Jeszcze w XIX wieku ludność mieszkająca w okolicy Jeziora Lednickiego przekazywała sobie wieść, że złoty tron został zatopiony w lednickim jeziorze. Liczne archeologiczne badania podwodne prowadzone na dnie jeziora nie odkryły jednak tronu. Znaleziono natomiast bardzo dużo mieczy, hełmów, grotów strzał i włóczni z początku XI w., szczególnie wzdłuż tych odcinków dna jeziora, nad którymi znajdowały się mosty łączące wyspę z lądem stałym - zarówno od strony Poznania, jak i od strony Gniezna. Daje nam to obraz zaciekłej, choć nieskutecznej, obrony grodu przed czeską armią.

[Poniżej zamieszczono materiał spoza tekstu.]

lemma deterministic_seq_periodic:
  assumes "finite A" and in_A: "\<And>i. a \<le> i \<Longrightarrow> s i \<in> A"
    and det: "\<And>i j. a \<le> i \<Longrightarrow> a \<le> j \<Longrightarrow> s i = s j \<Longrightarrow> s (Suc i) = s (Suc j)"
    and "a + card A \<le> t"
  shows "s (t + fact (card A)) = s t"
proof -
  have "\<not> inj_on s {a..a + card A}"
  proof
    assume "inj_on s {a..a + card A}"
    moreover have "s ` {a..a + card A} \<subseteq> A" using in_A by auto
    ultimately show False using card_inj_on_le[OF _ _ \<open>finite A\<close>] by fastforce
  qed
  then obtain i j where ij: "a \<le> i" "i < j" "j \<le> a + card A" "s i = s j"
    unfolding inj_on_def by (metis atLeastAtMost_iff linorder_neqE_nat)
  define d where "d = j - i"
  have step: "s (i + k + d) = s (i + k)" for k
  proof (induction k)
    case (Suc k)
    then show ?case using det[of "i + k + d" "i + k"] ij(1) by simp
  qed (use ij in \<open>simp add: d_def\<close>)
  have multiple: "s (i + k + m * d) = s (i + k)" for k m
  proof (induction m)
    case (Suc m)
    have "i + k + Suc m * d = i + (k + m * d) + d" by simp
    then show ?case using step[of "k + m * d"] Suc by (metis add.assoc)
  qed simp
  have "d dvd fact (card A)"
    using ij by (intro dvd_fact) (auto simp: d_def)
  then obtain m where "fact (card A) = m * d" by (metis dvd_def mult.commute)
  moreover have "t = i + (t - i)" using ij assms(4) by simp
  ultimately show ?thesis using multiple[of "t - i" m] by metis
qed

lemma foldl_replicate_periodic:
  assumes "finite Q" "q \<in> Q" "\<And>q. q \<in> Q \<Longrightarrow> delta q l \<in> Q" "card Q \<le> k"
  shows "foldl delta q (replicate (k + fact (card Q)) l) = foldl delta q (replicate k l)"
proof -
  have run_Suc: "foldl delta q (replicate (Suc i) l) = delta (foldl delta q (replicate i l)) l" for i
    by (simp only: replicate_Suc replicate_append_same[symmetric] foldl_append foldl.simps)
  have "foldl delta q' (replicate i l) \<in> Q" if "q' \<in> Q" for q' i
    using that assms(3) by (induction i arbitrary: q') auto
  then have "(\<lambda>i. foldl delta q (replicate i l)) (k + fact (card Q)) = (\<lambda>i. foldl delta q (replicate i l)) k"
    using assms(2,4) by (intro deterministic_seq_periodic[OF assms(1), where a = 0]) (simp_all only: run_Suc)
  then show ?thesis by simp
qed

text \<open>The definition of regularity asks for automata with natural-number states; any
  countable state type can be encoded.\<close>

lemma regular_langI:
  fixes delta :: "'q::countable \<Rightarrow> 'a \<Rightarrow> 'q"
  assumes "finite Alph" "finite Q" "q0 \<in> Q" "\<forall>q\<in>Q. \<forall>x\<in>Alph. delta q x \<in> Q"
    and L: "L = {w \<in> lists Alph. foldl delta q0 w \<in> F}"
  shows "regular_lang Alph L"
proof -
  define delta' where "delta' n x = to_nat (delta (from_nat n) x)" for n x
  have run: "foldl delta' (to_nat q) w = to_nat (foldl delta q w)" for q w
    by (induction w arbitrary: q) (simp_all add: delta'_def)
  have "L = {w \<in> lists Alph. foldl delta' (to_nat q0) w \<in> to_nat ` F}"
    by (simp add: L run inj_image_mem_iff)
  moreover have "\<forall>q\<in>to_nat ` Q. \<forall>x\<in>Alph. delta' q x \<in> to_nat ` Q"
    using assms(4) by (auto simp: delta'_def)
  ultimately show ?thesis
    unfolding regular_lang_def using assms(1-3)
    by (intro conjI exI[of _ "to_nat ` Q"] exI[of _ delta'] exI[of _ "to_nat q0"] exI[of _ "to_nat ` F"]) auto
qed

lemma finite_conv_alphabet: "finite A \<Longrightarrow> finite (conv_alphabet A r)"
  using finite_lists_length_eq[of "Some ` A \<union> {None}" r] by (simp add: conv_alphabet_def conj_commute)

lemma FA_presentation_snoc:
  assumes "FA_presentation A L phi S rels" "regular_rel A r (Lambda L phi r Q)"
  shows "FA_presentation A L phi S (rels @ [(r, Q)])"
  using assms by (simp add: FA_presentation_def)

Minęły stulecia i dopiero w XIX wieku niemieccy badacze, pod wpływem haseł epoki romantyzmu, wczesnośredniowiecznych źródeł oraz legend krążących wśród ludności osiedlonej wokół Jeziora Lednickiego, nagłośnili sprawę cesarskiego tronu. Polscy historycy początkowo z rezerwą, a potem bez zastrzeżeń uznali legendę za wielce prawdopodobną. Najnowszą jej analizę, czyli poszukiwanie owego „ziarna prawdy w legendzie”, przeprowadził Jan Leśny w pracy „Lednickie podanie o tronie monarszym i jego historyczne korzenie” (Studia Lednickie, 1994), w której sugeruje, że chodzi tu o kamienny (a nie złoty) tron, który znajdował się w rezydencji na Ostrowie Lednickim.
Jest jednak duże prawdopodobieństwo, że tron był wielki, ciężki i ze złota, oraz że został ukryty w pobliżu naszego miasta.